The excerpt from Amazon's advance copy says it more adequately than we can:

A standout is Holtz's long-term position at Notre Dame, of special importance not just because of his devout Catholicism but also his refreshing devotion to strict academic standards for the players. In fact, what stands out is his modesty and adamant belief that football is ultimately less important than education.

Stop laughing. Really, stop laughing. Your boss is getting suspicious. No, seriously--this is how people end up getting Baker Acted and put on serious meds. Unless that's what you're angling for in the first place, in which case you can just keep rolling on the floor until the paramedics arrive.


Approaching Insane Clown Posse crazy here.

The magic midget's new bio does contain a lot of juicy new anecdotes you may not have heard in prior autobiographies. Just a few:

--Grew up with John Nash, a fellow West Virginian who totally stole Holtz's elementary school work on Riemannian manifolds in Euclidian space and never gave Lou credit.

--Composed script for Blue Lagoon, envisioning himself in the role ultimately played by Christopher Atkins. "I just wanted to tell a story of innocence, pure, unviolated innocence," writes Holtz. "I also wanted to show the world what Lou Holtz looked like in a loincloth, which is a pretty special sight, friend."
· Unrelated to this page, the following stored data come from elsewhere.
definition transition_deriv :: "('x0::real_normed_vector \<Rightarrow> 'x::real_normed_vector) \<Rightarrow> 'm
    \<Rightarrow> 'm set \<Rightarrow> ('m \<Rightarrow> 'x) \<Rightarrow> ('m \<Rightarrow> 'y::real_normed_vector) \<Rightarrow> 'x0 \<Rightarrow> 'y" where
  "transition_deriv \<iota> \<eta> U \<phi> \<theta> = frechet_derivative (\<lambda>z. \<theta> (inv_into U \<phi> (\<iota> z))) (at (inv \<iota> (\<phi> \<eta>)))"

context
  fixes M M0 :: "'m topology" and \<iota> :: "'x0::banach \<Rightarrow> 'x::banach"
    and \<A> :: "('m set \<times> ('m \<Rightarrow> 'x)) set" and \<eta> :: 'm
  assumes kernel: "C1_embedded_submanifold M M0 \<iota> \<A>" and \<eta>0: "\<eta> \<in> topspace M0"
begin

lemma has_derivative_transition_deriv:
  assumes "(U, \<phi>) \<in> \<A>" "\<eta> \<in> U" and "(W, \<theta>) \<in> \<A>" "\<eta> \<in> W"
  shows "((\<lambda>z. \<theta> (inv_into U \<phi> (\<iota> z))) has_derivative transition_deriv \<iota> \<eta> U \<phi> \<theta>)
           (at (inv \<iota> (\<phi> \<eta>)))"
  using C1_embedded_transition_has_derivative[OF kernel \<eta>0 assms]
  unfolding transition_deriv_def by (metis differentiable_def frechet_derivative_works)

lemma transition_deriv_self:
  assumes U: "(U, \<phi>) \<in> \<A>" "\<eta> \<in> U"
  shows "transition_deriv \<iota> \<eta> U \<phi> \<phi> = \<iota>"
proof -
  note D = C1_embedded_submanifoldD[OF kernel]
  let ?O = "(\<lambda>p. inv \<iota> (\<phi> p)) ` (U \<inter> U \<inter> topspace M0)"
  have "(\<iota> has_derivative \<iota>) (at (inv \<iota> (\<phi> \<eta>)))"
    using D(1) by (simp add: dense_embedding_def bounded_linear_imp_has_derivative)
  moreover have "open ?O" using C1_embedded_chart_facts(4)[OF kernel U \<eta>0 U(1)] .
  moreover have "inv \<iota> (\<phi> \<eta>) \<in> ?O" using U \<eta>0 by blast
  moreover have "\<iota> z = \<phi> (inv_into U \<phi> (\<iota> z))" if "z \<in> ?O" for z
    using that inv_into_chart_embedded[OF C1_embedded_chart_facts(1)[OF kernel U \<eta>0] D(4)[OF \<eta>0 U]]
    by auto
  ultimately have "((\<lambda>z. \<phi> (inv_into U \<phi> (\<iota> z))) has_derivative \<iota>) (at (inv \<iota> (\<phi> \<eta>)))"
    by (rule has_derivative_transform_within_open)
  with has_derivative_transition_deriv[OF U U] show ?thesis
    using has_derivative_unique by blast
qed

lemma curve0_transition_has_vector_derivative:
  assumes U: "(U, \<phi>) \<in> \<A>" "\<eta> \<in> U" and f: "curve0 M0 \<iota> \<eta> (U, \<phi>) f"
    and a: "((\<lambda>t. inv \<iota> (\<phi> (f t))) has_vector_derivative a) (at 0)"
    and W: "(W, \<theta>) \<in> \<A>" "\<eta> \<in> W"
  obtains \<delta> where "\<delta> > 0" "\<And>t. \<bar>t\<bar> < \<delta> \<Longrightarrow> f t \<in> W"
    and "((\<lambda>t. \<theta> (f t)) has_vector_derivative transition_deriv \<iota> \<eta> U \<phi> \<theta> a) (at 0)"
proof -
  let ?z = "\<lambda>t. inv \<iota> (\<phi> (f t))" and ?O = "(\<lambda>p. inv \<iota> (\<phi> p)) ` (U \<inter> W \<inter> topspace M0)"
  obtain \<epsilon> where f0: "f 0 = \<eta>" and "\<epsilon> > 0" and f\<epsilon>: "f ` {-\<epsilon><..<\<epsilon>} \<subseteq> U \<inter> topspace M0"
    using f unfolding curve0_def by auto
  have "?z 0 \<in> ?O" using f0 U W \<eta>0 by blast
  then obtain r where "r > 0" and r: "ball (?z 0) r \<subseteq> ?O"
    using C1_embedded_chart_facts(4)[OF kernel U \<eta>0 W(1)] open_contains_ball by blast
  obtain d where "d > 0" and d: "\<And>t. dist t 0 < d \<Longrightarrow> dist (?z t) (?z 0) < r"
    using has_vector_derivative_continuous[OF a] \<open>r > 0\<close> unfolding continuous_at_eps_delta by blast
  define \<delta> where "\<delta> = min d \<epsilon>"
  have near: "f t \<in> W \<and> \<theta> (f t) = \<theta> (inv_into U \<phi> (\<iota> (?z t)))" if t: "\<bar>t\<bar> < \<delta>" for t
  proof -
    have "t \<in> {-\<epsilon><..<\<epsilon>}" using t by (auto simp: \<delta>_def abs_less_iff)
    then have ft: "f t \<in> U \<inter> topspace M0" using f\<epsilon> by blast
    have "?z t \<in> ?O" using d[of t] r t by (auto simp: \<delta>_def dist_commute)
    then obtain p where p: "p \<in> U" "p \<in> W" "p \<in> topspace M0" and zp: "?z t = inv \<iota> (\<phi> p)"
      by blast
    have "f t = p"
      using inj_onD[OF C1_embedded_chart_facts(2)[OF kernel U \<eta>0] zp] ft p by blast
    then show ?thesis
      using inv_into_chart_embedded(2)[OF C1_embedded_chart_facts(1)[OF kernel U \<eta>0]
          C1_embedded_submanifoldD(4)[OF kernel \<eta>0 U] p(1,3)] p(2)
      by simp
  qed
  have "((\<lambda>t. \<theta> (inv_into U \<phi> (\<iota> (?z t)))) has_vector_derivative transition_deriv \<iota> \<eta> U \<phi> \<theta> a) (at 0)"
    using has_vector_derivative_compose_has_derivative[OF a] has_derivative_transition_deriv[OF U W] f0
    by simp
  then have "((\<lambda>t. \<theta> (f t)) has_vector_derivative transition_deriv \<iota> \<eta> U \<phi> \<theta> a) (at 0)"
    by (rule has_vector_derivative_transform_within_open[where S="ball 0 \<delta>"])
       (use near \<open>d > 0\<close> \<open>\<epsilon> > 0\<close> in \<open>auto simp: \<delta>_def\<close>)
  moreover have "\<delta> > 0" using \<open>d > 0\<close> \<open>\<epsilon> > 0\<close> by (simp add: \<delta>_def)
  ultimately show thesis using that near by blast
qed

lemma curve0_with_velocity:
  assumes V: "(V, \<psi>) \<in> \<A>" "\<eta> \<in> V"
  obtains g where "curve0 M0 \<iota> \<eta> (V, \<psi>) g"
    and "((\<lambda>t. inv \<iota> (\<psi> (g t))) has_vector_derivative b) (at 0)"
proof -
  let ?\<psi>0 = "\<lambda>p. inv \<iota> (\<psi> p)"
  have "?\<psi>0 \<eta> \<in> ?\<psi>0 ` (V \<inter> V \<inter> topspace M0)" using V \<eta>0 by blast
  then obtain r where "r > 0" and r: "ball (?\<psi>0 \<eta>) r \<subseteq> ?\<psi>0 ` (V \<inter> V \<inter> topspace M0)"
    using C1_embedded_chart_facts(4)[OF kernel V \<eta>0 V(1)] open_contains_ball by blast
  define \<epsilon> where "\<epsilon> = r / (norm b + 1)"
  have "\<epsilon> > 0" using \<open>r > 0\<close> by (simp add: \<epsilon>_def add_nonneg_pos)
  define g where "g t = inv_into (V \<inter> topspace M0) ?\<psi>0 (?\<psi>0 \<eta> + t *\<^sub>R b)" for t
  have line: "?\<psi>0 \<eta> + t *\<^sub>R b \<in> ?\<psi>0 ` (V \<inter> topspace M0)" if "t \<in> {-\<epsilon><..<\<epsilon>}" for t
  proof -
    have "\<bar>t\<bar> < r / (norm b + 1)" using that by (auto simp: \<epsilon>_def)
    then have "\<bar>t\<bar> * (norm b + 1) < r"
      by (metis pos_less_divide_eq add_nonneg_pos norm_ge_zero zero_less_one)
    moreover have "norm (t *\<^sub>R b) \<le> \<bar>t\<bar> * (norm b + 1)" by (simp add: mult_left_mono)
    ultimately show ?thesis using r by (auto simp: dist_norm)
  qed
  have g_in: "g t \<in> V \<inter> topspace M0" and g_line: "?\<psi>0 (g t) = ?\<psi>0 \<eta> + t *\<^sub>R b"
    if "t \<in> {-\<epsilon><..<\<epsilon>}" for t
    unfolding g_def using inv_into_into[OF line[OF that]] f_inv_into_f[OF line[OF that]] by blast+
  have "g 0 = \<eta>"
    using inv_into_f_f[OF C1_embedded_chart_facts(2)[OF kernel V \<eta>0]] V \<eta>0 by (simp add: g_def)
  have velocity: "((\<lambda>t. ?\<psi>0 (g t)) has_vector_derivative b) (at t)" if "t \<in> {-\<epsilon><..<\<epsilon>}" for t
  proof -
    have "((\<lambda>t. ?\<psi>0 \<eta> + t *\<^sub>R b) has_vector_derivative b) (at t)"
      by (auto intro!: derivative_eq_intros)
    then show ?thesis
      by (rule has_vector_derivative_transform_within_open[where S="{-\<epsilon><..<\<epsilon>}"])
         (use that g_line in auto)
  qed
  have "curve0 M0 \<iota> \<eta> (V, \<psi>) g"
    unfolding curve0_def C1_differentiable_on_def
    using \<open>g 0 = \<eta>\<close> \<open>\<epsilon> > 0\<close> g_in velocity by (auto intro!: exI[of _ \<epsilon>] exI[of _ "\<lambda>_. b"])
  moreover have "((\<lambda>t. ?\<psi>0 (g t)) has_vector_derivative b) (at 0)" using velocity \<open>\<epsilon> > 0\<close> by simp
  ultimately show thesis by (rule that)
qed

lemma tangent_vec_eqI:
  assumes U: "(U, \<phi>) \<in> \<A>" "\<eta> \<in> U" and f: "curve0 M0 \<iota> \<eta> (U, \<phi>) f"
    and a: "((\<lambda>t. inv \<iota> (\<phi> (f t))) has_vector_derivative a) (at 0)"
    and V: "(V, \<psi>) \<in> \<A>" "\<eta> \<in> V" and g: "curve0 M0 \<iota> \<eta> (V, \<psi>) g"
    and b: "((\<lambda>t. inv \<iota> (\<psi> (g t))) has_vector_derivative b) (at 0)"
    and same: "\<And>W \<theta>. (W, \<theta>) \<in> \<A> \<Longrightarrow> \<eta> \<in> W \<Longrightarrow>
      transition_deriv \<iota> \<eta> U \<phi> \<theta> a = transition_deriv \<iota> \<eta> V \<psi> \<theta> b"
  shows "tangent_vec \<A> \<eta> f = tangent_vec \<A> \<eta> g"
proof
  fix F
  show "tangent_vec \<A> \<eta> f F = tangent_vec \<A> \<eta> g F"
  proof (cases "suitable_fun \<A> \<eta> F")
    case True
    then obtain W \<theta> G where W: "(W, \<theta>) \<in> \<A>" "\<eta> \<in> W" and G: "G differentiable (at (\<theta> \<eta>))"
      and FG: "\<forall>p\<in>W. F p = G (\<theta> p)"
      unfolding suitable_fun_def by blast
    have "f 0 = \<eta>" "g 0 = \<eta>" using f g by (simp_all add: curve0_def)
    obtain \<delta>f where "\<delta>f > 0" and fW: "\<And>t. \<bar>t\<bar> < \<delta>f \<Longrightarrow> f t \<in> W"
      and df: "((\<lambda>t. \<theta> (f t)) has_vector_derivative transition_deriv \<iota> \<eta> U \<phi> \<theta> a) (at 0)"
      using curve0_transition_has_vector_derivative[OF U f a W] by blast
    obtain \<delta>g where "\<delta>g > 0" and gW: "\<And>t. \<bar>t\<bar> < \<delta>g \<Longrightarrow> g t \<in> W"
      and dg: "((\<lambda>t. \<theta> (g t)) has_vector_derivative transition_deriv \<iota> \<eta> V \<psi> \<theta> b) (at 0)"
      using curve0_transition_has_vector_derivative[OF V g b W] by blast
    have "deriv (\<lambda>t. F (f t)) 0 = frechet_derivative G (at (\<theta> (f 0))) (transition_deriv \<iota> \<eta> U \<phi> \<theta> a)"
      by (rule deriv_compose_eventually_eq[where \<theta>=\<theta> and f=f, OF df _ \<open>\<delta>f > 0\<close>])
         (use G FG fW \<open>f 0 = \<eta>\<close> in auto)
    moreover have "deriv (\<lambda>t. F (g t)) 0 = frechet_derivative G (at (\<theta> (g 0))) (transition_deriv \<iota> \<eta> V \<psi> \<theta> b)"
      by (rule deriv_compose_eventually_eq[where \<theta>=\<theta> and f=g, OF dg _ \<open>\<delta>g > 0\<close>])
         (use G FG gW \<open>g 0 = \<eta>\<close> in auto)
    ultimately show ?thesis using same[OF W] True \<open>f 0 = \<eta>\<close> \<open>g 0 = \<eta>\<close> by (simp add: tangent_vec_def)
  qed (simp add: tangent_vec_def)
qed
--Participated in fight clubs at South Carolina, which Holtz admits was a mistake that ultimately led to the discipline problems plaguing the South Carolina program. Holtz, displaying scathing honesty, blames his lifelong bloodlust:

"Dondrell Dondrial spun again, reeling from my punches like a drunk man in a washing machine. A flap of his skin hung off his cheek, and my berserker genes went off. All my life there's been this point of no return in me, some indeterminate frontier where Lou the provider, the man with the whistle, the incisive commentator, the faithful husband...they all peel back to reveal my inner killer, the ape with the knife hungry only for blood, blood, blood. It wasn't me who killed that drifter in a back alley in St. Paul that night, and it wasn't Lou Holtz who beat a man to splinters in the flatbed of a truck in Oaxaca for seventeen pesos...it was the ape with the knife. It took seven men to pull me off Dondrell Pinkins; his face looked like a smashed jelly donut, and I was naked and covered in blood, war paint and feathers. God curse the beast inside me... may god damn him to hell.


Beware the ape with a knife.

--Met Bill Clinton once.

The book goes on sale in August.

*At least that's what he said it was. Why he needed us to take our clothes off for it still confuses us...but hey, it got us free tickets to the Boy Scout Jamboree!